** Supplied data follows **

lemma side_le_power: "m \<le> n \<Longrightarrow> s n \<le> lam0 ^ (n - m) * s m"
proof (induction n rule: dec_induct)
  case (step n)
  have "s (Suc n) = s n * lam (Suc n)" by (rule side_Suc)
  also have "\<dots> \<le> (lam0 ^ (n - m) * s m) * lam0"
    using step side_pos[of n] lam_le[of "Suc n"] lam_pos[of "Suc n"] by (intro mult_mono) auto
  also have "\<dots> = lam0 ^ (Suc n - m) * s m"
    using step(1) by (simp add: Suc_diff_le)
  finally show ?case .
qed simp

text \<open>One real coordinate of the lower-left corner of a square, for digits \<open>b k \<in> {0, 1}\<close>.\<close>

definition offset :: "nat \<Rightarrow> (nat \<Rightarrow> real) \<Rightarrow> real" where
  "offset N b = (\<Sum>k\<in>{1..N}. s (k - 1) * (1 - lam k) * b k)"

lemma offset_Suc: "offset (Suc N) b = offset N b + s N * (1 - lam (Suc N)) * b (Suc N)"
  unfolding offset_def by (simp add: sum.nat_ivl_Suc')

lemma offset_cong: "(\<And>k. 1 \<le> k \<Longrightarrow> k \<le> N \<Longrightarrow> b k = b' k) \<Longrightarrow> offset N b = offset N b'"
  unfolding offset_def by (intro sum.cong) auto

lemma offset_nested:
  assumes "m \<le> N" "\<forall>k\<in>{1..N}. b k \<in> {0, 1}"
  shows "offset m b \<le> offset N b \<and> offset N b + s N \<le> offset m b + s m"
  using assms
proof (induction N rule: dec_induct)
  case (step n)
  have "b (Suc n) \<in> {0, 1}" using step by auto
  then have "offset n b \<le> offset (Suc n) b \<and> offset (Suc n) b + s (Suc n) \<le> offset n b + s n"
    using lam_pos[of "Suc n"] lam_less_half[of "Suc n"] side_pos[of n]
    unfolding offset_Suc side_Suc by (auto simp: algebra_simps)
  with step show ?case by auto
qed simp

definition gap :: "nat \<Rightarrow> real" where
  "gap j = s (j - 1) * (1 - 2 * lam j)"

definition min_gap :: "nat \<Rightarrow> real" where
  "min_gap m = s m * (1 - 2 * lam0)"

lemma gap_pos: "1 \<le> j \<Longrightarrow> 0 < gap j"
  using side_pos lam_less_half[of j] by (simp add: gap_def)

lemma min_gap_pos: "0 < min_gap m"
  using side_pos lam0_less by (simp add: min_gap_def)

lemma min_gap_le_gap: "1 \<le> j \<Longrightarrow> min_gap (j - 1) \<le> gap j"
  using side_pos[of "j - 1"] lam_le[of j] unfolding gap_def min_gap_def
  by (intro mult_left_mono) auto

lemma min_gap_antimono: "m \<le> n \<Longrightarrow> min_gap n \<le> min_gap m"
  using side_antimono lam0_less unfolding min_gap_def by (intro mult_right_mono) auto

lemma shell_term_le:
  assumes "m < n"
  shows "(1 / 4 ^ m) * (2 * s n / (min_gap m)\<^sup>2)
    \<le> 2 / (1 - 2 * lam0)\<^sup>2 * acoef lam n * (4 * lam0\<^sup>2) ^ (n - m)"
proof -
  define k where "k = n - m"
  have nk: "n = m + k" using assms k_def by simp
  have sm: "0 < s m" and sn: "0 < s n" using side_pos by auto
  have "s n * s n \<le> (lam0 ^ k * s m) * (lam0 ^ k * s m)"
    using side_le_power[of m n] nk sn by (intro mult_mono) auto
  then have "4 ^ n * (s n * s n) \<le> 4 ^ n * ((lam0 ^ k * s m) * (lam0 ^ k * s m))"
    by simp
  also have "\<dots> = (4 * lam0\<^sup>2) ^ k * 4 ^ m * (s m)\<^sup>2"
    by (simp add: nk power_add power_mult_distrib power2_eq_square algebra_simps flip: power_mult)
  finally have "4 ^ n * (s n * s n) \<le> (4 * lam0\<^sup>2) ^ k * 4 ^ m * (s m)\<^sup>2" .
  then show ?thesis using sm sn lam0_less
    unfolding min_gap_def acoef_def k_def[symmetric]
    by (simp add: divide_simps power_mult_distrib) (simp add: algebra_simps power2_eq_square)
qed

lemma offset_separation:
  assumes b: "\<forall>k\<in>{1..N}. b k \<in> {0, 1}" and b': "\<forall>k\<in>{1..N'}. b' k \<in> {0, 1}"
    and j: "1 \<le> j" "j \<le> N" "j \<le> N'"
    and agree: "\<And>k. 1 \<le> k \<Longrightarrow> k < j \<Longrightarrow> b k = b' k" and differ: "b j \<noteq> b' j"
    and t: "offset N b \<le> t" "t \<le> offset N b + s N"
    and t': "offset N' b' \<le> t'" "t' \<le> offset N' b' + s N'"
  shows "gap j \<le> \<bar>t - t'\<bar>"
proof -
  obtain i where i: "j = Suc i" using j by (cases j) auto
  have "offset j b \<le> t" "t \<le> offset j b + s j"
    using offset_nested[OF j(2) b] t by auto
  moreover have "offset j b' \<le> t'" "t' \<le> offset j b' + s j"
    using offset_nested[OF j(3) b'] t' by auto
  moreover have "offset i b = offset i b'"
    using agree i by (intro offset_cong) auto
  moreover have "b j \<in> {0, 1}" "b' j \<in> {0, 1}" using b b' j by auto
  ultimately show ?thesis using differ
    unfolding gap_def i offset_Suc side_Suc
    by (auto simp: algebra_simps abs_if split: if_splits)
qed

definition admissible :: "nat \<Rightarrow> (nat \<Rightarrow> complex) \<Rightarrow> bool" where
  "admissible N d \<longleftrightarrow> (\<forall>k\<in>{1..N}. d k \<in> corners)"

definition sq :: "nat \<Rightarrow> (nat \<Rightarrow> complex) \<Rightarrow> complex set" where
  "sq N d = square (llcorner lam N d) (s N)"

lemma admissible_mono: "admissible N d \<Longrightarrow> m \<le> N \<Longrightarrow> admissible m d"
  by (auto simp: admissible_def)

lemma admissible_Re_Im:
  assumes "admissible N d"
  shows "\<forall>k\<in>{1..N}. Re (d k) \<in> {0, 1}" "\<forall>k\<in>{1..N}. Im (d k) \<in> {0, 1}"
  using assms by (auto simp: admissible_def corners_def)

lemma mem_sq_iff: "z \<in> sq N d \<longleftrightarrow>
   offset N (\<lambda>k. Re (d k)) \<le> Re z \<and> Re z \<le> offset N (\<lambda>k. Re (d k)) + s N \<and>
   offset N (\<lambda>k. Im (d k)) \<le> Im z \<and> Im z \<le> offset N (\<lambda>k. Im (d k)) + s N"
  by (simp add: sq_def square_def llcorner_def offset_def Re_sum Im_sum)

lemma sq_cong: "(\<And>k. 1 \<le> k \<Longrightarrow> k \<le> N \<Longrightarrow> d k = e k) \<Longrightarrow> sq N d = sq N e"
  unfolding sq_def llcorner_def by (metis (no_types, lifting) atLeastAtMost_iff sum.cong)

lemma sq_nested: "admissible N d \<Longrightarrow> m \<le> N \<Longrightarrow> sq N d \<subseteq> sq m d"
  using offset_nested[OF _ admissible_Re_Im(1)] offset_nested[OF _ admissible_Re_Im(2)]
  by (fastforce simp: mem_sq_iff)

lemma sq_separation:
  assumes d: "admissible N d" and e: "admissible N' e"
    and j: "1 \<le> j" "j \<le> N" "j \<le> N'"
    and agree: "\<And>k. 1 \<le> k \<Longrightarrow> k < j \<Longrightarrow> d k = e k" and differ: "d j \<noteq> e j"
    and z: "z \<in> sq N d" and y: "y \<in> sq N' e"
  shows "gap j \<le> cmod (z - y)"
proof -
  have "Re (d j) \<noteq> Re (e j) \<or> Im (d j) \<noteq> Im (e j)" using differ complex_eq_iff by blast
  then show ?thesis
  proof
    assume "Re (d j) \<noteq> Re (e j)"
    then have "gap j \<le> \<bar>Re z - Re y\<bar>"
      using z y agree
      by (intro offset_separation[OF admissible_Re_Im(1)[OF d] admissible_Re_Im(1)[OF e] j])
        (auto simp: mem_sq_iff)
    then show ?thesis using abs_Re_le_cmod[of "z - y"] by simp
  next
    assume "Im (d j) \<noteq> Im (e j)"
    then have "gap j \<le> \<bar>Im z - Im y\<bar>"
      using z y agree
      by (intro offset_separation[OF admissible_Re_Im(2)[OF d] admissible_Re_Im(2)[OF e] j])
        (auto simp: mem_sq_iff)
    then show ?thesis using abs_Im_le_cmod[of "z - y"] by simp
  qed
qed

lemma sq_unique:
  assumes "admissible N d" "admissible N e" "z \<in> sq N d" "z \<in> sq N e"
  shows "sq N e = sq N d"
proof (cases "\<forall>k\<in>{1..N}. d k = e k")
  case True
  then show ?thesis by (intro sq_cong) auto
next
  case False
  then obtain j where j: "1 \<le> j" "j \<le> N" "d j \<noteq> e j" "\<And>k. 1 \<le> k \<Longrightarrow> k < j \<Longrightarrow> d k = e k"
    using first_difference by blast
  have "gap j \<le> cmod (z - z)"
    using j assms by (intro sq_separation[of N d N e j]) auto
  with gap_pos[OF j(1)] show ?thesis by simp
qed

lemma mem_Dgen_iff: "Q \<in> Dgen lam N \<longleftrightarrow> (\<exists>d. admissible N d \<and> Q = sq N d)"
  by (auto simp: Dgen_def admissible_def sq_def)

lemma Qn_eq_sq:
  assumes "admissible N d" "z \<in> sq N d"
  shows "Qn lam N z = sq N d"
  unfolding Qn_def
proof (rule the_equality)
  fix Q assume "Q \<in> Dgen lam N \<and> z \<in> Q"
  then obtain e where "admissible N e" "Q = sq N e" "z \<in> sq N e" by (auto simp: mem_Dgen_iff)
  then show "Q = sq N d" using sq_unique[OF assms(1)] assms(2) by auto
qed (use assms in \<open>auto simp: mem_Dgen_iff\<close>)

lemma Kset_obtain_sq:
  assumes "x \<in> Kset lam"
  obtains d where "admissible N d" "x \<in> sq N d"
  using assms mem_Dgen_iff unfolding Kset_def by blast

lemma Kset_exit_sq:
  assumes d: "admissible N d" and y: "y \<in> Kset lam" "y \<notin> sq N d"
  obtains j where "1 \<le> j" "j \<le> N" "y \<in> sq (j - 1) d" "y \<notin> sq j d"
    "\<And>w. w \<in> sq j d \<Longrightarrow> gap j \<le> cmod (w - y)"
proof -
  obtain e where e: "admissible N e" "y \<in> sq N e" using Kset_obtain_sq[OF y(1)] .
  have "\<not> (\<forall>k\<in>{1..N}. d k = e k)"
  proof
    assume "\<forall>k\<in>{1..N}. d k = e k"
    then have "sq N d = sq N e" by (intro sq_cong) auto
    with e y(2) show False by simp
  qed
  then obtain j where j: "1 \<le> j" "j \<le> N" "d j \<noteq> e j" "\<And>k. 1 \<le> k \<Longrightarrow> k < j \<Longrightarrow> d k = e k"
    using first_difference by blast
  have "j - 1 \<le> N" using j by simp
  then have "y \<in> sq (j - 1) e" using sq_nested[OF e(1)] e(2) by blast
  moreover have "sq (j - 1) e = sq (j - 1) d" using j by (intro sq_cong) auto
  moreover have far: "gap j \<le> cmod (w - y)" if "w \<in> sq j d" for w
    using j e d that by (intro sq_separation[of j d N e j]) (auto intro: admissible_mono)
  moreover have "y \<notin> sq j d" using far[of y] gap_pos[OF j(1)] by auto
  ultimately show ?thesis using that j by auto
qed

** End of Supplied data **

Write out exactly the lines above from the line with "(1 - lam k)" through the line with "using side_le_power[of m", both of them included, and leave out all other lines.

  "offset N b = (\<Sum>k\<in>{1..N}. s (k - 1) * (1 - lam k) * b k)"

lemma offset_Suc: "offset (Suc N) b = offset N b + s N * (1 - lam (Suc N)) * b (Suc N)"
  unfolding offset_def by (simp add: sum.nat_ivl_Suc')

lemma offset_cong: "(\<And>k. 1 \<le> k \<Longrightarrow> k \<le> N \<Longrightarrow> b k = b' k) \<Longrightarrow> offset N b = offset N b'"
  unfolding offset_def by (intro sum.cong) auto

lemma offset_nested:
  assumes "m \<le> N" "\<forall>k\<in>{1..N}. b k \<in> {0, 1}"
  shows "offset m b \<le> offset N b \<and> offset N b + s N \<le> offset m b + s m"
  using assms
proof (induction N rule: dec_induct)
  case (step n)
  have "b (Suc n) \<in> {0, 1}" using step by auto
  then have "offset n b \<le> offset (Suc n) b \<and> offset (Suc n) b + s (Suc n) \<le> offset n b + s n"
    using lam_pos[of "Suc n"] lam_less_half[of "Suc n"] side_pos[of n]
    unfolding offset_Suc side_Suc by (auto simp: algebra_simps)
  with step show ?case by auto
qed simp

definition gap :: "nat \<Rightarrow> real" where
  "gap j = s (j - 1) * (1 - 2 * lam j)"

definition min_gap :: "nat \<Rightarrow> real" where
  "min_gap m = s m * (1 - 2 * lam0)"

lemma gap_pos: "1 \<le> j \<Longrightarrow> 0 < gap j"
  using side_pos lam_less_half[of j] by (simp add: gap_def)

lemma min_gap_pos: "0 < min_gap m"
  using side_pos lam0_less by (simp add: min_gap_def)

lemma min_gap_le_gap: "1 \<le> j \<Longrightarrow> min_gap (j - 1) \<le> gap j"
  using side_pos[of "j - 1"] lam_le[of j] unfolding gap_def min_gap_def
  by (intro mult_left_mono) auto

lemma min_gap_antimono: "m \<le> n \<Longrightarrow> min_gap n \<le> min_gap m"
  using side_antimono lam0_less unfolding min_gap_def by (intro mult_right_mono) auto

lemma shell_term_le:
  assumes "m < n"
  shows "(1 / 4 ^ m) * (2 * s n / (min_gap m)\<^sup>2)
    \<le> 2 / (1 - 2 * lam0)\<^sup>2 * acoef lam n * (4 * lam0\<^sup>2) ^ (n - m)"
proof -
  define k where "k = n - m"
  have nk: "n = m + k" using assms k_def by simp
  have sm: "0 < s m" and sn: "0 < s n" using side_pos by auto
  have "s n * s n \<le> (lam0 ^ k * s m) * (lam0 ^ k * s m)"
    using side_le_power[of m n] nk sn by (intro mult_mono) auto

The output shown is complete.